By Roxane B. Salonen
“And Jesus lifted up his eyes and said,
“Father, I thank thee that thou hast heard me. I knew that thou hearest me always.”
~ John 11:41b-42a
Have you ever reached out to God with a desperate yearning, certain He would respond quickly in a loving, consoling way, only to sense silence, and God apparently turning a deaf ear?
It happened to me recently in a time of profound interior tumult. I had no doubt God was present, but why did He seem so distant? Why, in my moment of feeling engulfed and confused, did He seem so wholly unmoved?
I had prayed, often, even the day leading up to that period of what seemed like God going dark on me. And yet no peace had come. I spent the days following, trying to make sense of it, feeling certain I’d not been abandoned but uncertain about what God’s silence might mean.
The Arrival of Peace
As I sat with that question, over the next few days, peace did finally begin to manifest in my heart through the helpful insights of friends, my spiritual director, and a book that has been accompanying me during Lent: “Jesus I Trust in You: A 30-Day Personal Retreat with the Litany of Trust.”
On Day 23 of this written retreat, Sr. Faustina Maria Pia, S.V., whose prayers brought us the Litany of Trust, addresses this line of the litany, “That you always hear me and in Your goodness, always respond to me, Jesus, I trust in You.”
As with all of the litany lines, it begins with trust, and as Sr. Faustina says, the belief that “there is someone who hears and responds—the one who holds all creation in His hands.”
Do we believe it? Do we dare? If we did, how might things change?
“Trust knows that God hears every movement of my heart and is waiting to meet me there,” Sr. Faustina continues, noting that silence can sometimes be an invitation from God to draw us in deeper. “(Silence) is a kind of hiddenness that is necessary for intimacy to grow…”
Through silence, she adds, God beckons us to come closer. I think of it as a whisper. Rather than turning a deaf ear, in his silence, God may be simply talking to our hearts in a quieter, more respectful way. Or, as Sr. Faustina says, “The very holding of our hearts is His continual response.”
An Example: Lazarus
To illustrate this concept, Sr. Faustina mentions the story of Lazarus, and how, after His death, despite the pleas of His friends, His earthly end seemed sealed, with apparent silence from Jesus.
And yet, even in those silent four days, God was working, and Jesus, upon his arrival, approaches the tomb, praying aloud, “And Jesus lifted up his eyes and said, “Father, I thank thee that thou hast heard me. I knew that thou hearest me always” (John 11:41b-42a). He then beckons Lazarus to rise, and he does.
“Silence in our relationship with God enables a purity of simply being with Him,” Sr. Faustina says. “Am I willing to give Him the benefit of the doubt when His response seems lacking to me?”
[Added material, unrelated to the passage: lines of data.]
(* Let $H=(Q,\pi,f_0,f_1)$ satisfy Assumptions A1 and A2 (see context). Then for each $\lambda\in(0,1)$, $$\mathrm{mTDR}_H(\varphi_{\lambda,H})=\sup\{\mathrm{mTDR}_H(\psi):\mathrm{mFDR}_H(\psi)\le\mathrm{mFDR}_H(\varphi_{\lambda,H})\},$$ the supremum being over all multiple testing procedures $\psi$ (measurable maps $X\mapsto\psi(X)\in\{0,1\}^N$).
   Context: Two-state HMM: $\mu$ Lebesgue on $\mathbb R$ or counting on $\mathbb Z$; under $\Pi_H$, $\theta=(\theta_n)_{n\le N}$ is a Markov chain on $\{0,1\}$ (initial law $\pi$, transition $Q$) and given $\theta$ the $X_n$ are independent with $\mu$-densities $f_{\theta_n}$; $E_H$ denotes expectation. Assumption A1: (i) some $\nu>0$ has $\max_jE_{X\sim f_j}|X|^\nu<\infty$; (ii) some $x^*\in\mathbb R\cup\{\pm\infty\}$ has $f_1/f_0\to\infty$ as $x\uparrow x^*$ or as $x\downarrow x^*$ (conventions $1/0=\infty,0/0=0$). Assumption A2: $Q$ has distinct rows, $\min_{ij}Q_{ij}>0$, $\pi$ invariant for $Q$. $\ell_i=\Pi_H(\theta_i=0\mid X)$, $\varphi_{\lambda,H}=(\mathbb 1\{\ell_i<\lambda\})_{i\le N}$. $\mathrm{mTDR}_H(\varphi)=\frac{E_H\#\{i:\theta_i=1,\varphi_i=1\}}{E_H\#\{i:\theta_i=1\}}$, $\mathrm{mFDR}_H(\varphi)=\frac{E_H\#\{i:\theta_i=0,\varphi_i=1\}}{E_H\#\{i:\varphi_i=1\}}$ with the convention $0/0=0$. *)

theory Defs
  imports "HOL-Analysis.Analysis"
begin

definition ZZ_count :: "real measure" where
  "ZZ_count = distr (count_space (UNIV::int set)) borel real_of_int"

definition base_measure :: "bool \<Rightarrow> real measure" where
  "base_measure disc = (if disc then ZZ_count else lborel)"

definition base_support :: "bool \<Rightarrow> real set" where
  "base_support disc = (if disc then \<int> else UNIV)"

definition obs_space :: "bool \<Rightarrow> nat \<Rightarrow> (nat \<Rightarrow> real) measure" where
  "obs_space disc N = PiM {..<N} (\<lambda>_. base_measure disc)"

definition states :: "nat \<Rightarrow> (nat \<Rightarrow> nat) set" where
  "states N = PiE {..<N} (\<lambda>_. {0,1})"

definition prior_w :: "(nat \<Rightarrow> real) \<Rightarrow> (nat \<Rightarrow> nat \<Rightarrow> real) \<Rightarrow> nat \<Rightarrow> (nat \<Rightarrow> nat) \<Rightarrow> real" where
  "prior_w p Q N t = (if N = 0 then 1 else p (t 0) * (\<Prod>n\<in>{1..<N}. Q (t (n - 1)) (t n)))"

text \<open>Joint density of (theta, X) w.r.t. (counting on {0,1}^N) x mu^N.\<close>
definition joint_dens :: "(nat \<Rightarrow> real) \<Rightarrow> (nat \<Rightarrow> nat \<Rightarrow> real) \<Rightarrow> (nat \<Rightarrow> real \<Rightarrow> real)
    \<Rightarrow> nat \<Rightarrow> (nat \<Rightarrow> nat) \<Rightarrow> (nat \<Rightarrow> real) \<Rightarrow> real" where
  "joint_dens p Q f N t x = prior_w p Q N t * (\<Prod>n<N. f (t n) (x n))"

definition EH :: "bool \<Rightarrow> (nat \<Rightarrow> real) \<Rightarrow> (nat \<Rightarrow> nat \<Rightarrow> real) \<Rightarrow> (nat \<Rightarrow> real \<Rightarrow> real)
    \<Rightarrow> nat \<Rightarrow> ((nat \<Rightarrow> nat) \<Rightarrow> (nat \<Rightarrow> real) \<Rightarrow> real) \<Rightarrow> real" where
  "EH disc p Q f N g =
     (\<Sum>t\<in>states N. LINT x|obs_space disc N. g t x * joint_dens p Q f N t x)"

definition post0 :: "(nat \<Rightarrow> real) \<Rightarrow> (nat \<Rightarrow> nat \<Rightarrow> real) \<Rightarrow> (nat \<Rightarrow> real \<Rightarrow> real)
    \<Rightarrow> nat \<Rightarrow> nat \<Rightarrow> (nat \<Rightarrow> real) \<Rightarrow> real" where
  "post0 p Q f N i x =
     (\<Sum>t\<in>{t\<in>states N. t i = 0}. joint_dens p Q f N t x) / (\<Sum>t\<in>states N. joint_dens p Q f N t x)"

definition phi_proc :: "(nat \<Rightarrow> real) \<Rightarrow> (nat \<Rightarrow> nat \<Rightarrow> real) \<Rightarrow> (nat \<Rightarrow> real \<Rightarrow> real)
    \<Rightarrow> nat \<Rightarrow> real \<Rightarrow> (nat \<Rightarrow> real) \<Rightarrow> nat \<Rightarrow> bool" where
  "phi_proc p Q f N lam x i = (post0 p Q f N i x < lam)"

text \<open>Multiple testing procedure: measurable map x |-> psi(x) in {0,1}^N
  (psi x i = True means psi_i(x) = 1).\<close>
definition is_MTP :: "bool \<Rightarrow> nat \<Rightarrow> ((nat \<Rightarrow> real) \<Rightarrow> nat \<Rightarrow> bool) \<Rightarrow> bool" where
  "is_MTP disc N psi \<longleftrightarrow>
     (\<forall>i<N. (\<lambda>x. psi x i) \<in> obs_space disc N \<rightarrow>\<^sub>M count_space UNIV)"

text \<open>Marginal true discovery rate and marginal false discovery rate (x/0 = 0 in Isabelle).\<close>
definition mTDR :: "bool \<Rightarrow> (nat \<Rightarrow> real) \<Rightarrow> (nat \<Rightarrow> nat \<Rightarrow> real) \<Rightarrow> (nat \<Rightarrow> real \<Rightarrow> real)
    \<Rightarrow> nat \<Rightarrow> ((nat \<Rightarrow> real) \<Rightarrow> nat \<Rightarrow> bool) \<Rightarrow> real" where
  "mTDR disc p Q f N psi =
     EH disc p Q f N (\<lambda>t x. real (card {i\<in>{..<N}. t i = 1 \<and> psi x i}))
     / EH disc p Q f N (\<lambda>t x. real (card {i\<in>{..<N}. t i = 1}))"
Jesus, help me to trust you so fully that even in the silence, I can believe that you are with me, and hear my heart.
Call to Action
As Sr. Faustina mentions in her book, Jesus asks us to pray in his name, sharing with us the privileged place of intercession he has with the Father, praying “in our place and on our behalf” (CCC 2741). If you don’t already, consider praying in Jesus’ name, trusting that he hears, and will appeal to the Father, who will receive and respond in love.